И посему-то всё больше и больше вновь влекло к нему на родину. Хотелось ещё раз поглубже окунуться в рубцовскую жизнь и всё окружавшее его на ту пору. И когда я узнал, что наши салтыковские прихожане из Почаевского храма собрались в вологодские края, то не утерпел и присоединился к ним.
Дальше всё пошло своим особым чередом. С молитвами, иконой Государя Николая II и с горячим нескрываемым желанием поскорее уехать. Москву в это лето затянуло густым едким дымом от горевших вокруг неё лесов. Только под утро, уже на подъезде к Вологде, на нас дохнуло чем-то северным. Чистым и даже каким-то совершенно неожиданным, пробирающим холодком.
И мы последовали без всяких остановок сразу в Тотьму, где собирались вначале поклониться местным святыням. А затем уж увидеть и всё связанное с Николаем Рубцовым. Потому как ему тут пришлось учиться в лесном техникуме. И когда проехали больше ста вёрст мимо сплошных хвойных лесов и изредка встречавшихся вдоль дороги деревушек, то остановились у красивой каменной церкви Рождества Христова, в которой находились мощи здешнего подвижника и основателя Спасо-Суморинского монастыря - прп. Феодосия Тотемского.
Вообще этот бывший уездный городок поражал не только сохранившимися храмами и узенькими старинными улочками, но и своей богатейшей историей. Ведь заселение его началось ещё с прихода сюда новгородцев. А затем уж тут открыли соляные источники и стали добывать соль при помощи специально вырытых колодцев. Или, как называли их вместе с другими приспособлениями, - варницами. Вскоре рядом с ними вырос целый посад. Присланный же сюда из Прилуцкого монастыря для наблюдения за работами монах Феодосий построил тут церковь. А в 1554 году исходатайствовал у Царя Иоанна Грозного грамоту, по которой ему дозволялось возводить обитель у ближайшей речки.

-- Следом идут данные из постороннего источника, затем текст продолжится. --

lemma linearized_pCons_0 [simp]: "linearized (pCons 0 a) = (linearized a)^2"
proof -
  let ?n = "Suc (degree a)"
  have "degree (pCons 0 a) < Suc ?n"
    by (metis degree_pCons_le le_imp_less_Suc)
  hence "linearized (pCons 0 a) = (\<Sum>v<Suc ?n. monom (coeff (pCons 0 a) v) (2^v))"
    by (rule linearized_upto)
  also have "\<dots> = (\<Sum>v<?n. (monom (coeff a v) (2^v))^2)"
    by (simp add: sum.lessThan_Suc_shift monom_square del: sum.lessThan_Suc)
  also have "\<dots> = (linearized a)^2"
    by (simp add: bit_poly_square_sum linearized_upto[of a ?n] del: sum.lessThan_Suc)
  finally show ?thesis .
qed

lemma linearized_pCons: "linearized (pCons c a) = smult c [:0,1:] + (linearized a)^2"
proof -
  have "pCons c a = smult c 1 + pCons 0 a" by simp
  thus ?thesis by (simp only: linearized_add linearized_smult linearized_pCons_0 linearized_1)
qed

lemma linearized_x_power: "linearized ([:0,1:]^k) = [:0,1:]^(2^k)"
  by (induct k) (simp_all add: power_mult[symmetric] mult.commute)

lemma dvd_linearized_mult:
  assumes "p dvd linearized b"
  shows "p dvd linearized (a * b)"
proof (induct a)
  case (pCons c a)
  have "pCons c a * b = smult c b + pCons 0 (a * b)" by simp
  hence "linearized (pCons c a * b) = smult c (linearized b) + (linearized (a*b))^2"
    by (simp only: linearized_add linearized_smult linearized_pCons_0)
  thus ?case using pCons assms by (auto intro!: dvd_add dvd_smult simp: power2_eq_square)
qed simp

lemma linearized_times_x_plus_1: "linearized ([:1,1:] * a) = (linearized a)^2 + linearized a"
  by (simp add: linearized_add add.commute)

lemma linearized_times_x_plus_1_square:
  "linearized ([:1,1:]^2 * a) =
     ((linearized a)^2 + linearized a) * ((linearized a)^2 + linearized a + 1)"
proof -
  let ?t = "linearized a"
  have "linearized ([:1,1:]^2 * a) = (?t^2 + ?t)^2 + (?t^2 + ?t)"
    by (simp only: power2_eq_square mult.assoc linearized_times_x_plus_1)
  also have "\<dots> = (?t^2 + ?t) * (?t^2 + ?t + 1)"
    by (simp add: power2_eq_square algebra_simps)
  finally show ?thesis .
qed

text \<open>Over \<open>F\<^sub>2\<close> every nonzero polynomial is monic, so \<open>deg L(a) = 2\<^bsup>deg a\<^esup>\<close>.\<close>

lemma degree_linearized:
  assumes "a \<noteq> 0"
  shows "degree (linearized a) = 2 ^ degree a"
proof -
  let ?d = "degree a"
  have lc: "coeff a ?d = 1" using assms bit_cases[of "coeff a ?d"] by auto
  have "linearized a = (\<Sum>v<?d. monom (coeff a v) (2^v)) + monom 1 (2^?d)"
    using lc by (simp add: linearized_upto[of a "Suc ?d"])
  moreover have "degree (\<Sum>v<?d. monom (coeff a v) (2^v)) < 2^?d"
  proof (rule degree_sum_less)
    fix v assume "v \<in> {..<?d}"
    hence "(2::nat)^v < 2^?d" by simp
    thus "degree (monom (coeff a v) (2^v)) < 2^?d" using degree_monom_le le_less_trans by blast
  qed simp
  ultimately show ?thesis by (simp add: degree_add_eq_right degree_monom_eq)
qed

Затем предки тотьмичей и купцов из Великого Устюга осваивали Урал, Сибирь и дошли до самой Аляски на Дальнем Востоке.
А учёба Рубцова в лесном техникуме (который размещался на ту пору в Спасо-Суморинском монастыре) наложила тоже свой отпечаток. Он слышал, безусловно, и о происходившей некогда в стенах его прежней жизни. Знал обо всех тотемских первопроходцах и даже писал о них сочинения. Посещал нередко и располагавшуюся неподалёку от их общежития городскую библиотеку. А я же вместе с давней жительницей Тотьмы и ещё одной почитательницей поэзии Рубцова Аделаидой Журавкиной прошёл и по другим местам, где по её словам, бывал Николай и оставил об этом какие-то памятки. В стихах, письмах к жившему в небольшом ухоженном домике другу его, Сергею Багрову. Подвела она меня и к танцплощадке, куда иногда захаживал Николай со своими сокурсниками,.. а уж отсюда мы направились мимо бывшей торговой площади, к берегу Сухоны.

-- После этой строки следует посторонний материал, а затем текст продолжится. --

(* In the setting below, for any two points $p,q\in X$ exactly one of the following holds or at least one of: (i) $S_p\cap S_q=\emptyset$; (ii) $S_p\subseteq S_q$ or $S_q\subseteq S_p$; (iii) $S_p\cup S_q=E$ and $|S_p\cap S_q|=1$; (iv) $S_p\cup S_q=E$ and $|S_p\cap S_q|=n-1$. That is, at least one of (i)–(iv) holds.
   Context: Setting: $E=\{e_0,\dots,e_n\}\subset\mathbb R^n$ is the vertex set of an $n$-simplex with $e_0+\cdots+e_n=0$, and $X\subset\mathbb R^n\setminus\{0\}$ is a finite set with $E\subseteq X$, no element of $X$ a positive multiple of another, such that every $n+1$ points of $X$ are in good position. (A finite set $A$ is in conical position if $0\notin\operatorname{conv}A$ and no point of $A$ lies in the positive hull—set of nonnegative linear combinations—of the other points; it is in good position otherwise.) For $p\in X$, the support $S_p$ is the minimal subset of $E$ whose positive hull contains $p$. *)

theory Defs
  imports "HOL-Analysis.Analysis"
begin

definition pos_hull :: "'a::real_vector set \<Rightarrow> 'a set" where
  "pos_hull A = {x. \<exists>c. (\<forall>a\<in>A. c a \<ge> 0) \<and> x = (\<Sum>a\<in>A. c a *\<^sub>R a)}"

definition conical_position :: "'a::real_vector set \<Rightarrow> bool" where
  "conical_position A \<longleftrightarrow> 0 \<notin> convex hull A \<and> (\<forall>a\<in>A. a \<notin> pos_hull (A - {a}))"

definition good_position :: "'a::real_vector set \<Rightarrow> bool" where
  "good_position A \<longleftrightarrow> \<not> conical_position A"

definition is_support :: "'a::real_vector set \<Rightarrow> 'a \<Rightarrow> 'a set \<Rightarrow> bool" where
  "is_support E p S \<longleftrightarrow> S \<subseteq> E \<and> p \<in> pos_hull S \<and> (\<forall>T. T \<subset> S \<longrightarrow> p \<notin> pos_hull T)"

end

theory Submission
  imports Defs
begin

Здесь, на крутом откосе и как раз напротив протекавшей внизу широкой неспешной реки, стоит бронзовый памятник Рубцову, созданный выдающимся скульптором В. М. Клыковым. Поэт сидит, будто живой, на высоком каменном постаменте, лицом к городу, скрестив руки на колене. Лицо его слегка задумчиво, а в глазах по-прежнему угадывается лишь всё та же затаившаяся грусть.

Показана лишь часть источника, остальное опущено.